This is the letter I wrote to myself the morning of the Hawaii Ironman after just 6 months of training. I wish I would have read this afew times over the last few years.
When I found out I was going to Ironman, I didn’t know what to expect. I wasn’t fully aware of the impact it would have on my life. When you’re sitting on a bike for seven hours, or running down the same road for four, you have a lot of time to contemplate and make realizations that otherwise you may have never picked up on in the cloud of time we call our lives.
I think that is why so many people are hooked on Ironman.
It inevitably gives your mind time to come down and think about your life on a different level. Ironman races and the training that goes into them will take your body and mind to the breaking point and beyond. It has given me the time to think of where I have been and cleared the path to where I am going. It has made it clear to me that the key to a wealthy life isn’t money, and success should never be measured in dollar signs.

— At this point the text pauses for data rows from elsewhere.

text \<open>The new iterate occurs on both sides of the step equations, so they are used in the form
  \<open>lhs - rhs = 0\<close>; as rewrite rules they would loop.\<close>

lemma y_in_terms_of_x_step:
  "ey (Suc k) = (1/eta) *\<^sub>R (x (Suc k) - x k) + (- alpha) *\<^sub>R (xg k - x (Suc k)) + (dr (xg k) - ystar)"
proof -
  have "x (Suc k) - (x k + (eta * alpha) *\<^sub>R (xg k - x (Suc k)) - eta *\<^sub>R dr (xg k) + eta *\<^sub>R y (Suc k)) = 0"
    by (rule right_minus_eq[THEN iffD2, OF step_x[of k, folded xg_def dr_apply]])
  moreover have "eta *\<^sub>R ((1/eta) *\<^sub>R (x (Suc k) - x k) + (- alpha) *\<^sub>R (xg k - x (Suc k))
      + (dr (xg k) - ystar) - ey (Suc k))
    = x (Suc k) - (x k + (eta * alpha) *\<^sub>R (xg k - x (Suc k)) - eta *\<^sub>R dr (xg k) + eta *\<^sub>R y (Suc k))"
    using parameters_pos by (simp add: ey_def algebra_simps)
  ultimately show ?thesis using parameters_pos by simp
qed

lemma y_step_in_errors:
  "ey (Suc k) - ey k = (theta*beta) *\<^sub>R (eyg k - ey (Suc k))
     - theta *\<^sub>R ((2/mu) *\<^sub>R (eyg k + ezg k) + nu *\<^sub>R eyg k) + (theta*nu) *\<^sub>R ey (Suc k)
     - theta *\<^sub>R (x (Suc k) - xstar)"
proof -
  have "(2/mu) *\<^sub>R (yg k + zg k) = (2/mu) *\<^sub>R (eyg k + ezg k) + (2/mu) *\<^sub>R (ystar + zstar)"
    unfolding eyg_def ezg_def by (simp add: algebra_simps)
  then have coupling: "(2/mu) *\<^sub>R (yg k + zg k) = (2/mu) *\<^sub>R (eyg k + ezg k) - xstar"
    unfolding ystar_zstar by simp
  have "y (Suc k) - (y k + (theta * beta) *\<^sub>R (yg k - y (Suc k)) - theta *\<^sub>R ((2 / mu) *\<^sub>R (yg k + zg k)
      + nu *\<^sub>R yg k) + (theta * nu) *\<^sub>R y (Suc k) - theta *\<^sub>R x (Suc k)) = 0"
    by (rule right_minus_eq[THEN iffD2, OF step_y[of k, folded yg_def zg_def]])
  moreover have "(ey (Suc k) - ey k) - ((theta*beta) *\<^sub>R (eyg k - ey (Suc k))
     - theta *\<^sub>R ((2/mu) *\<^sub>R (eyg k + ezg k) + nu *\<^sub>R eyg k) + (theta*nu) *\<^sub>R ey (Suc k)
     - theta *\<^sub>R (x (Suc k) - xstar))
    = y (Suc k) - (y k + (theta * beta) *\<^sub>R (yg k - y (Suc k)) - theta *\<^sub>R ((2 / mu) *\<^sub>R (yg k + zg k)
      + nu *\<^sub>R yg k) + (theta * nu) *\<^sub>R y (Suc k) - theta *\<^sub>R x (Suc k))"
    unfolding coupling ey_def eyg_def by (simp add: algebra_simps)
  ultimately show ?thesis by simp
qed

lemma z_step_in_preimages:
  "W (pz (Suc k)) - W (pz k) = (lam*gamma) *\<^sub>R (W (pzg k) - W (pz (Suc k)))
     - lam *\<^sub>R W ((2/mu) *\<^sub>R (eyg k + ezg k))"
proof -
  have "W ((2/mu) *\<^sub>R (yg k + zg k)) = W ((2/mu) *\<^sub>R (eyg k + ezg k) + (2/mu) *\<^sub>R (ystar + zstar))"
    unfolding eyg_def ezg_def by (simp add: algebra_simps)
  then have coupling: "W ((2/mu) *\<^sub>R (yg k + zg k)) = W ((2/mu) *\<^sub>R (eyg k + ezg k))"
    unfolding ystar_zstar using W_lin W_xstar by (simp add: linear_add linear_diff)
  have "z (Suc k) - (z k + (lam * gamma) *\<^sub>R (zg k - z (Suc k)) - lam *\<^sub>R W ((2/mu) *\<^sub>R (yg k + zg k))) = 0"
    by (rule right_minus_eq[THEN iffD2, OF step_z[of k, folded yg_def zg_def]])
  moreover have "(W (pz (Suc k)) - W (pz k)) - ((lam*gamma) *\<^sub>R (W (pzg k) - W (pz (Suc k)))
     - lam *\<^sub>R W ((2/mu) *\<^sub>R (eyg k + ezg k)))
    = z (Suc k) - (z k + (lam * gamma) *\<^sub>R (zg k - z (Suc k)) - lam *\<^sub>R W ((2/mu) *\<^sub>R (yg k + zg k)))"
    unfolding preimages(2,6) coupling ez_def ezg_def by (simp add: algebra_simps)
  ultimately show ?thesis by simp
qed

lemma averaging_steps:
  "eyg k = sigma *\<^sub>R ey k + (1 - sigma) *\<^sub>R eyf k"
  "ezg k = sigma *\<^sub>R ez k + (1 - sigma) *\<^sub>R ezf k"
  "eyf (Suc k) = eyg k + sigma *\<^sub>R (ey (Suc k) - ey k)"
  "ezf (Suc k) = ezg k + sigma *\<^sub>R (ez (Suc k) - ez k)"
  unfolding ey_def eyf_def eyg_def ez_def ezf_def ezg_def yg_def zg_def step_yf step_zf
  by (simp_all add: algebra_simps)

lemma h_increment_bound:
  "(2/sigma) * h_quad mu nu (eyf (Suc k) - eyg k) (ezf (Suc k) - ezg k)
   \<le> (1/theta) * (norm (ey (Suc k) - ey k))^2 + (1/lam) * (W (pz (Suc k) - pz k) \<bullet> (pz (Suc k) - pz k))"
proof -
  have d: "eyf (Suc k) - eyg k = sigma *\<^sub>R (ey (Suc k) - ey k)"
    by (simp add: averaging_steps)
  have e: "ezf (Suc k) - ezg k = sigma *\<^sub>R W (pz (Suc k) - pz k)"
    using W_lin by (simp add: averaging_steps linear_diff preimages)
  have "0 \<le> nu" using parameters_pos by simp
  from h_quad_increment_bound[OF parameters_pos(5) mu_pos this parameters_pos(10) lmax_pos
      dual_parameter_bounds(1,2) spectral_norm_bounds(1), of "ey (Suc k) - ey k"]
  show ?thesis unfolding d e .
qed

lemma h_extrapolation_bound:
  "beta * (norm (eyg k))^2 + gamma * (W (pzg k) \<bullet> pzg k) \<le> 2 * h_quad mu nu (eyg k) (ezg k)"
proof -
  have "0 \<le> beta" using parameters_pos by simp
  from h_quad_lower_bound[OF this dual_parameter_bounds(3,4) mu_pos
      spectral_norm_bounds(2)[OF preimages(5)], of "eyg k"]
  show ?thesis by (simp only: preimages(6) dual_parameter_bounds(5))
qed

lemma y_residual_bound:
  "(sigma / theta + 2 * nu - beta) * (norm (ey (Suc k)))^2
   \<le> 1/(2*eta) * (norm (x (Suc k) - x k))^2 + alpha * (norm (xg k - x (Suc k)))^2
     + 1/(2*L) * (norm (dr (xg k) - ystar))^2"
proof -
  have "3 * (sigma / theta + 2 * nu - beta) * (- alpha)^2 \<le> alpha"
    using coupling_parameter_bounds(4) by simp
  from norm_sq_le_three_terms[OF y_in_terms_of_x_step coupling_parameter_bounds(1)
      coupling_parameter_bounds(3) this coupling_parameter_bounds(2)]
  show ?thesis .
qed
(* For all configurations $C, C'$ of the NFB machine, $C \approx C'$ (machine bisimilarity) if and only if $[\![C]\!] \approx_H [\![C']\!]$ (HOcore barbed equivalence with respect to the set $H = \{c, hd, b, k, init, rec, ch\}$ of hidden names).
   Context: HOcore: processes $P,Q ::= a(x).P \mid \overline{a}\langle P\rangle \mid P \parallel Q \mid x \mid 0$ ($a$ channel names, $x$ process variables, $a(x).P$ binds $x$, $a(\_).P$ when $x$ is unused, $\parallel$ associative and commutative with unit $0$, $\mathrm{fn}(P)$ the free names). LTS: $\overline{a}\langle P\rangle \xrightarrow{\overline{a}\langle P\rangle} 0$; $a(x).Q \xrightarrow{a(P)} Q\{P/x\}$; if $P \xrightarrow{l} P'$ then $P\parallel Q \xrightarrow{l} P'\parallel Q$ (and symmetrically); if $P \xrightarrow{\overline{a}\langle R\rangle} P'$ and $Q \xrightarrow{a(R)} Q'$ then $P \parallel Q \xrightarrow{\tau} P'\parallel Q'$ (and symmetrically). $\Rightarrow$ is the reflexive transitive closure of $\xrightarrow{\tau}$. For a finite set $H$: $P\downarrow^H_a$ (resp. $P\downarrow^H_{\overline a}$) if $a\notin H$ and $P\xrightarrow{a(Q)}R$ (resp. $P\xrightarrow{\overline a\langle Q\rangle}R$) for some $Q,R$; $P\Downarrow^H_\mu$ if $P\Rightarrow P'\downarrow^H_\mu$. A barbed bisimulation w.r.t. $H$ is a symmetric relation $\mathcal R$ such that $P\mathcal RQ$ implies: $P\downarrow^H_\mu$ implies $Q\Downarrow^H_\mu$; for all $R$ with $\mathrm{fn}(R)\cap H=\emptyset$, $(P\parallel R)\mathcal R(Q\parallel R)$; if $P\xrightarrow\tau P'$ then $Q\Rightarrow Q'$ with $P'\mathcal RQ'$. $\approx_H$ is the largest barbed bisimulation w.r.t. $H$. Terms: $t,s ::= f \mid x \mid \lambda x.t \mid t\,s$ ($f$ free variables identified with natural numbers, $x$ bound variables, terms well formed). Stacks $\pi ::= t::\pi\mid[]$. NFB machine: configurations $\langle t,\pi,n\rangle_{\mathrm{ev}}$ and $\langle \pi, n\rangle_{\mathrm{cont}}$; transitions: $\langle t\,s,\pi,n\rangle_{\mathrm{ev}} \xrightarrow{\tau} \langle t, s::\pi, n\rangle_{\mathrm{ev}}$; $\langle \lambda x.t, s::\pi, n\rangle_{\mathrm{ev}} \xrightarrow{\tau} \langle t\{s/x\},\pi,n\rangle_{\mathrm{ev}}$; $\langle \lambda x.t, [], n\rangle_{\mathrm{ev}} \xrightarrow{\lambda} \langle t\{n/x\}, [], n+1\rangle_{\mathrm{ev}}$; $\langle f, \pi, n\rangle_{\mathrm{ev}} \xrightarrow{f} \langle \pi, n\rangle_{\mathrm{cont}}$; $\langle [], n\rangle_{\mathrm{cont}} \xrightarrow{\mathsf{done}}$ (terminating); $\langle t::\pi, n\rangle_{\mathrm{cont}} \xrightarrow{\mathsf{enter}} \langle t, [], n\rangle_{\mathrm{ev}}$; $\langle t::\pi, n\rangle_{\mathrm{cont}} \xrightarrow{\mathsf{skip}} \langle \pi, n\rangle_{\mathrm{cont}}$. Machine bisimulation: symmetric $\mathcal R$ such that $C_1\mathcal RC_2$ implies for every flag $F$: if $C_1\xrightarrow\tau^*\xrightarrow F C_1'$ then $C_2\xrightarrow\tau^*\xrightarrow F C_2'$ with $C_1'\mathcal RC_2'$; if $C_1\xrightarrow\tau^*\xrightarrow F$ (terminating) then $C_2\xrightarrow\tau^*\xrightarrow F$ (terminating). $\approx$ is the largest machine bisimulation. Translation into HOcore, using channel names $c, hd, b, k, init, rec, ch$ and flag names $\lambda, \mathsf{enter}, \mathsf{skip}, \mathsf{done}, suc, z$ (bound $\lambda$-variables become process variables; $p$ is a fresh variable). Internal choice: $P + Q = \overline{ch}\langle P\rangle \parallel \overline{ch}\langle Q\rangle \parallel ch(x).ch(\_).x$. Numbers: $[0] = z(\_).\overline{init}\langle 0\rangle$, $[n+1] = suc(\_).[n]$. $[\![t\,s]\!] = c(p).([\![t]\!] \parallel \overline{c}\langle \overline{hd}\langle[\![s]\!]\rangle \parallel \overline{c}\langle p\rangle\rangle)$; $[\![\lambda x.t]\!] = c(p).(p \parallel \overline{b}\langle \mathit{Restart}\rangle \parallel hd(x).b(\_).[\![t]\!])$; $[\![x]\!] = x$; $[\![f]\!] = [f]$; $\mathit{Restart} = \lambda(\_).k(x).(\overline{hd}\langle x\rangle \parallel \overline{k}\langle suc(\_).x\rangle \parallel \overline{c}\langle[\![[]]\!]\rangle \parallel \overline{b}\langle 0\rangle)$; $\mathit{Rec} = init(\_).rec(x).(x \parallel \overline{rec}\langle x\rangle \parallel \mathit{Cont})$; $\mathit{Cont} = c(p).(p \parallel \overline{b}\langle \mathsf{done}(\_).0\rangle \parallel hd(x).b(\_).\mathit{Choice}(x))$; $\mathit{Choice}(P) = \mathsf{enter}(\_).c(\_).(P \parallel \overline{c}\langle[\![[]]\!]\rangle) + \mathsf{skip}(\_).\overline{init}\langle 0\rangle$; $[\![[]]\!] = b(x).x$; $[\![t::\pi]\!] = \overline{hd}\langle[\![t]\!]\rangle \parallel \overline{c}\langle[\![\pi]\!]\rangle$; $[\![\langle t,\pi,n\rangle_{\mathrm{ev}}]\!] = [\![t]\!] \parallel \overline{c}\langle[\![\pi]\!]\rangle \parallel \overline{k}\langle [n]\rangle \parallel \mathit{Rec} \parallel \overline{rec}\langle\mathit{Rec}\rangle$; $[\![\langle \pi,n\rangle_{\mathrm{cont}}]\!] = \overline{c}\langle[\![\pi]\!]\rangle \parallel \overline{k}\langle [n]\rangle \parallel \mathit{Cont} \parallel \mathit{Rec} \parallel \overline{rec}\langle\mathit{Rec}\rangle$. *)

theory Defs
  imports Main
begin
(* Let $\mathbf{A} \in \mathbb{R}^{L \times N}$, $\mathbf{L}_2 \in \mathbb{R}^{M_2 \times N}$ and $\lambda_2 > 0$. Assume: (i) $\mathbf{A}$ has full row rank, so that $\mathbf{A}\mathbf{A}^T$ is invertible; (ii) $\ker \mathbf{A} \cap \ker \mathbf{L}_2 = \{\mathbf{0}\}$; (iii) $\ker(\mathbf{A})^\perp$ is an invariant subspace of $\mathbf{L}_2^T\mathbf{L}_2$, i.e. $\mathbf{x} \in \ker(\mathbf{A})^\perp \Rightarrow \mathbf{L}_2^T\mathbf{L}_2\mathbf{x} \in \ker(\mathbf{A})^\perp$. Let $\mathbf{\Lambda}_2 = (\mathbf{A}\mathbf{A}^T)^{-1}\mathbf{A}\mathbf{L}_2^T\mathbf{L}_2\mathbf{A}^T$. Then $$(\mathbf{A}^T\mathbf{A} + \lambda_2\mathbf{L}_2^T\mathbf{L}_2)^{-1}\mathbf{A}^T = \mathbf{A}^T(\mathbf{A}\mathbf{A}^T + \lambda_2\mathbf{\Lambda}_2)^{-1},$$ where both inverses appearing in this identity exist.
   Context: $\ker(\mathbf{A})^\perp$ denotes the orthogonal complement of the nullspace of $\mathbf{A}$ in $\mathbb{R}^N$. *)

theory Defs
  imports "HOL-Analysis.Analysis"
begin

end

theory Submission
  imports Defs
begin

(* Write K = ker A, P = L2^T L2, M = A^T A + lam2 P and N = A A^T + lam2 Lam2.
   Since K^perp is the row space of A, the matrix A^T (A A^T)^-1 A is the identity on K^perp;
   as P maps K^perp, which contains the range of A^T, into itself, this gives A^T Lam2 = P A^T and
   hence M A^T = A^T N. M is positive definite by the kernel condition and A^T is injective
   by the rank condition, so N is invertible too, and multiplying M A^T = A^T N by M^-1 on
   the left and N^-1 on the right yields the identity. *)

lemma matrix_inv_inverse:
  fixes A :: "'a::semiring_1^'n^'m"
  assumes "invertible A"
  shows "A ** matrix_inv A = mat 1" "matrix_inv A ** A = mat 1"
proof -
  have "\<exists>A'. A ** A' = mat 1 \<and> A' ** A = mat 1"
    using assms unfolding invertible_def by blast
  then have "A ** matrix_inv A = mat 1 \<and> matrix_inv A ** A = mat 1"
    unfolding matrix_inv_def by (rule someI_ex)
  then show "A ** matrix_inv A = mat 1" "matrix_inv A ** A = mat 1" by auto
qed

lemma matrix_add_rdistrib:
  fixes A B :: "'a::comm_semiring_1^'n^'m" and C :: "'a^'p^'n"
  shows "(A + B) ** C = A ** C + B ** C"
  by (simp add: matrix_eq matrix_vector_mul_assoc[symmetric] matrix_vector_mult_add_rdistrib)

lemma invertible_iff_ker_trivial:
  fixes A :: "'a::field^'n^'n"
  shows "invertible A \<longleftrightarrow> (\<forall>x. A *v x = 0 \<longrightarrow> x = 0)"
  using invertible_left_inverse matrix_left_invertible_ker by blast

lemma inner_transpose_mult:
  fixes A :: "real^'n^'m"
  shows "inner (transpose A *v y) x = inner y (A *v x)"
  by (simp add: dot_lmul_matrix)

lemma transpose_ker_trivial_if_full_row_rank:
  fixes A :: "real^'n^'m"
  assumes "rank A = CARD('m)" and "transpose A *v y = 0"
  shows "y = 0"
  using assms matrix_nonfull_linear_equations_eq[of "transpose A"] rank_transpose by metis

lemma invertible_gram_if_full_row_rank:
  fixes A :: "real^'n^'m"
  assumes "rank A = CARD('m)"
  shows "invertible (A ** transpose A)"
  unfolding invertible_iff_ker_trivial
proof (intro allI impI)
  fix y assume "(A ** transpose A) *v y = 0"
  then have "inner (transpose A *v y) (transpose A *v y) = 0"
    by (simp only: inner_transpose_mult matrix_vector_mul_assoc inner_zero_right)
  then show "y = 0"
    using assms transpose_ker_trivial_if_full_row_rank by (metis inner_eq_zero_iff)
qed

lemma invertible_regularized_normal_matrix:
  fixes A :: "real^'n^'l" and L :: "real^'n^'m" and lam :: real
  assumes "lam > 0" and "{x. A *v x = 0} \<inter> {x. L *v x = 0} = {0}"
  shows "invertible (transpose A ** A + lam *\<^sub>R (transpose L ** L))"
    (is "invertible ?M")
  unfolding invertible_iff_ker_trivial
proof (intro allI impI)
  fix x assume "?M *v x = 0"
  moreover have "inner x (?M *v x) = inner (A *v x) (A *v x) + lam * inner (L *v x) (L *v x)"
    by (simp add: matrix_vector_mult_add_rdistrib inner_add_right inner_commute[of x]
        scaleR_matrix_vector_assoc[symmetric] matrix_vector_mul_assoc[symmetric] dot_lmul_matrix)
  ultimately have "inner (A *v x) (A *v x) + lam * inner (L *v x) (L *v x) = 0"
    by simp
  moreover have "lam * inner (L *v x) (L *v x) \<ge> 0"
    using \<open>lam > 0\<close> by simp
  ultimately have "inner (A *v x) (A *v x) = 0" "inner (L *v x) (L *v x) = 0"
    using \<open>lam > 0\<close> by (simp_all add: add_nonneg_eq_0_iff)
  then have "A *v x = 0" "L *v x = 0" by simp_all
  then show "x = 0" using assms(2) by blast
qed

lemma transpose_mult_in_orthogonal_comp_ker:
  fixes A :: "real^'n^'m"
  shows "transpose A *v y \<in> orthogonal_comp {x. A *v x = 0}"
  unfolding orthogonal_comp_def orthogonal_def
  by (auto simp: inner_commute[of _ "y v* A"] dot_lmul_matrix)

lemma row_space_projection_fixes_orthogonal_comp_ker:
  fixes A :: "real^'n^'m"
  assumes "rank A = CARD('m)" and z: "z \<in> orthogonal_comp {x. A *v x = 0}"
  shows "transpose A *v (matrix_inv (A ** transpose A) *v (A *v z)) = z"
proof -
  define w where "w = z - transpose A *v (matrix_inv (A ** transpose A) *v (A *v z))"
  have "A *v w = A *v z - (A ** transpose A ** matrix_inv (A ** transpose A)) *v (A *v z)"
    unfolding w_def
    by (simp add: matrix_vector_mult_diff_distrib matrix_vector_mul_assoc matrix_mul_assoc
        del: transpose_matrix_vector)
  also have "\<dots> = 0"
    using matrix_inv_inverse(1)[OF invertible_gram_if_full_row_rank[OF assms(1)]] by simp
  finally have "w \<in> {x. A *v x = 0}" by simp
  moreover have "w \<in> orthogonal_comp {x. A *v x = 0}"
    unfolding w_def
    using z transpose_mult_in_orthogonal_comp_ker subspace_orthogonal_comp subspace_diff by blast
  ultimately have "inner w w = 0"
    unfolding orthogonal_comp_def orthogonal_def by blast
  then show ?thesis unfolding w_def by simp
qed

lemma transpose_mult_compression_eq:
  fixes A :: "real^'n^'m" and P :: "real^'n^'n"
  assumes "rank A = CARD('m)"
    and "\<And>x. x \<in> orthogonal_comp {x. A *v x = 0} \<Longrightarrow>
        P *v x \<in> orthogonal_comp {x. A *v x = 0}"
  shows "transpose A ** (matrix_inv (A ** transpose A) ** A ** P ** transpose A)
    = P ** transpose A"
proof (subst matrix_eq, intro allI)
  fix y
  have "P *v (transpose A *v y) \<in> orthogonal_comp {x. A *v x = 0}"
    using assms(2) transpose_mult_in_orthogonal_comp_ker by blast
  from row_space_projection_fixes_orthogonal_comp_ker[OF assms(1) this]
  show "(transpose A ** (matrix_inv (A ** transpose A) ** A ** P ** transpose A)) *v y
      = (P ** transpose A) *v y"
    by (simp add: matrix_vector_mul_assoc[symmetric] matrix_mul_assoc del: transpose_matrix_vector)
qed

lemma invertible_if_intertwined:
  fixes M :: "'a::field^'n^'n" and N :: "'a^'l^'l" and B :: "'a^'l^'n"
  assumes "invertible M" and "M ** B = B ** N" and "\<And>y. B *v y = 0 \<Longrightarrow> y = 0"
  shows "invertible N"
  unfolding invertible_iff_ker_trivial
proof (intro allI impI)
  fix y assume "N *v y = 0"
  then have "M *v (B *v y) = 0"
    by (metis assms(2) matrix_vector_mul_assoc matrix_vector_mult_0_right)
  then have "B *v y = 0"
    using assms(1) invertible_iff_ker_trivial by blast
  then show "y = 0" using assms(3) by blast
qed

lemma matrix_inv_intertwined:
  fixes M :: "'a::field^'n^'n" and N :: "'a^'l^'l" and B :: "'a^'l^'n"
  assumes "invertible M" and "M ** B = B ** N" and "\<And>y. B *v y = 0 \<Longrightarrow> y = 0"
  shows "matrix_inv M ** B = B ** matrix_inv N"
proof -
  note N_inv = matrix_inv_inverse[OF invertible_if_intertwined[OF assms]]
  note M_inv = matrix_inv_inverse[OF assms(1)]
  have "matrix_inv M ** B = matrix_inv M ** B ** (N ** matrix_inv N)"
    by (simp add: N_inv)
  also have "\<dots> = matrix_inv M ** (M ** B) ** matrix_inv N"
    by (simp add: assms(2) matrix_mul_assoc)
  also have "\<dots> = B ** matrix_inv N"
    by (simp add: M_inv matrix_mul_assoc)
  finally show ?thesis .
qed

theorem lemma1:
  fixes A :: "real^'n^'l" and L2 :: "real^'n^'m" and lam2 :: real
  assumes lam_pos: "lam2 > 0"
    and full_row_rank: "rank A = CARD('l)"
    and ker_int: "{x. A *v x = 0} \<inter> {x. L2 *v x = 0} = {0}"
    and invariant: "\<And>x. x \<in> orthogonal_comp {x. A *v x = 0} \<Longrightarrow>
        (transpose L2 ** L2) *v x \<in> orthogonal_comp {x. A *v x = 0}"
  shows "let Lam2 = matrix_inv (A ** transpose A) ** A ** transpose L2 ** L2 ** transpose A
         in invertible (transpose A ** A + lam2 *\<^sub>R (transpose L2 ** L2))
          \<and> invertible (A ** transpose A + lam2 *\<^sub>R Lam2)
          \<and> matrix_inv (transpose A ** A + lam2 *\<^sub>R (transpose L2 ** L2)) ** transpose A
              = transpose A ** matrix_inv (A ** transpose A + lam2 *\<^sub>R Lam2)"
proof -
  define Lam2 where "Lam2 = matrix_inv (A ** transpose A) ** A ** (transpose L2 ** L2) ** transpose A"
  define M where "M = transpose A ** A + lam2 *\<^sub>R (transpose L2 ** L2)"
  define N where "N = A ** transpose A + lam2 *\<^sub>R Lam2"
  have "transpose A ** Lam2 = (transpose L2 ** L2) ** transpose A"
    unfolding Lam2_def using transpose_mult_compression_eq full_row_rank invariant by blast
  then have intertwined: "M ** transpose A = transpose A ** N"
    unfolding M_def N_def
    by (simp add: matrix_add_rdistrib matrix_add_ldistrib matrix_scalar_ac
        scalar_matrix_assoc[symmetric] matrix_mul_assoc)
  have M_inv: "invertible M"
    unfolding M_def using invertible_regularized_normal_matrix lam_pos ker_int by blast
  note transpose_ker = transpose_ker_trivial_if_full_row_rank[OF full_row_rank]
  have "invertible N" "matrix_inv M ** transpose A = transpose A ** matrix_inv N"
    using invertible_if_intertwined matrix_inv_intertwined M_inv intertwined transpose_ker
    by blast+
  with M_inv show ?thesis
    unfolding Let_def M_def N_def Lam2_def by (simp add: matrix_mul_assoc)
qed

end
lemma Pi_N_iso_imp_scalar_intertwiner:
  assumes "Pi_N_iso t lam a t' mu b"
  obtains c d :: complex where "c \<noteq> 0" and "d \<noteq> 0"
    and "intertwines (\<lambda>(f, g). (smult d g, smult c f)) t lam a t' mu b"
proof -
  obtain \<phi> where lin: "plinear \<phi>" and "bij \<phi>"
    and even: "\<forall>f. fst (\<phi> (f, 0)) = 0" and odd: "\<forall>g. snd (\<phi> (0, g)) = 0"
    and itw: "intertwines \<phi> t lam a t' mu b"
    using assms unfolding Pi_N_iso_def by blast
  note matrix = plinear_commuting_with_x_eq_matrix[where \<phi> = \<phi>,
      OF lin intertwines_commutes_with_x[OF itw]]
  define h k where "h = snd (\<phi> (1, 0))" and "k = fst (\<phi> (0, 1))"
  have \<phi>: "\<phi> (f, g) = (g * k, f * h)" for f g
    using matrix[of f g] even odd unfolding h_def k_def by simp
  from comp_surj[OF bij_is_surj[OF \<open>bij \<phi>\<close>] surj_swap]
  obtain c d where "c \<noteq> 0" "d \<noteq> 0" "h = [:c:]" "k = [:d:]"
    by (rule surj_diagonal_mult_imp_const[where h = h and k = k]) (simp add: \<phi>)
  moreover from this have "\<phi> = (\<lambda>(f, g). (smult d g, smult c f))"
    by (auto simp: \<phi>)
  ultimately show thesis using itw by (intro that) simp_all
qed

lemma scalar_intertwiner_imp_eq:
  assumes "lam \<noteq> 0" and "c \<noteq> 0" and "d \<noteq> 0"
    and itw: "intertwines (\<lambda>(f, g). (smult c f, smult d g)) t lam a t' mu b"
  shows "lam = mu \<and> a = b \<and> t = t'"
proof -
  have L1: "(case NL t lam a 1 v of (f, g) \<Rightarrow> (smult c f, smult d g))
             = NL t' mu b 1 (case v of (f, g) \<Rightarrow> (smult c f, smult d g))"
    and I_half: "(case NI t lam a 1 v of (f, g) \<Rightarrow> (smult c f, smult d g))
             = NI t' mu b 1 (case v of (f, g) \<Rightarrow> (smult c f, smult d g))" for v
    using itw odd_one unfolding intertwines_def by blast+
  have "smult (c * lam) [:a, 1:] = smult (c * mu) [:b, 1:]"
    using L1[of "(1, 0)"] by (simp add: NL_def shiftp_def one_pCons)
  then have "lam = mu" and "a = b"
    using \<open>c \<noteq> 0\<close> \<open>lam \<noteq> 0\<close> by auto
  have "of_int t * csqrt lam * a * c = of_int t' * csqrt mu * b * c"
    using I_half[of "(1, 0)"] by (simp add: NI_def shiftp_def hpow_def one_pCons mult.assoc)
  moreover have "of_int t * csqrt lam * (1 - 2 * a) * d = of_int t' * csqrt mu * (1 - 2 * b) * d"
    using I_half[of "(0, 1)"] by (simp add: NI_def shiftp_def hpow_def one_pCons mult.assoc)
  ultimately have "of_int t * a = of_int t' * a"
    and "of_int t * (1 - 2 * a) = of_int t' * (1 - 2 * a)"
    using \<open>lam = mu\<close> \<open>a = b\<close> \<open>lam \<noteq> 0\<close> \<open>c \<noteq> 0\<close> \<open>d \<noteq> 0\<close> by simp_all
  then have "(of_int t :: complex) = of_int t'"
    by (cases "a = 0") simp_all
  with \<open>lam = mu\<close> \<open>a = b\<close> show ?thesis by simp
qed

It has taught me to key striving ahead but appreciate what I have and all my achievements along the way.
The biggest realization I have made is that life and everything in it has a cycle.
In training you have a cycle of workout time when you feel amazing and you could go on forever. In life you have these same cycles when everything seems to be clicking so well and you literally think to yourself that from that point on, nothing could ever go wrong again. But it is human nature to self- sabotage and that is exactly what we do. In training, you can hit a negative cycle, when training is so monotonous and painful that your body and mind tries to make a quitter out of you. In life, all it takes is one minor glitch in your perfect life cycle to set off a chain of events that what will seem almost irreversible. In training, when you have these moments, you have to take whatever obstacle your body, mind or Mother Nature is going to put in front of you, step back, and understand why it is happening.
Then… deal with it.
If your body tells you to stop because you are tired, this is the best time of your training. This is when you really find out how deep you can dig to get your training back on that positive cycle. In life, it is exactly the same. When you think you can’t work anymore that day, or you are too tired when you get home to do the dishes. Think of the chain of events something that small can create.
It is at these times that if we can dig deep no matter how big or small the task, we can work harder, get more done, have less stress, achieve more goals, and have a great life.
No matter how today goes, I have learned more about myself in these last six months than I ever have, and plan on continuing to dig deep in everything I do to live the life I have always dreamed of for my family and me.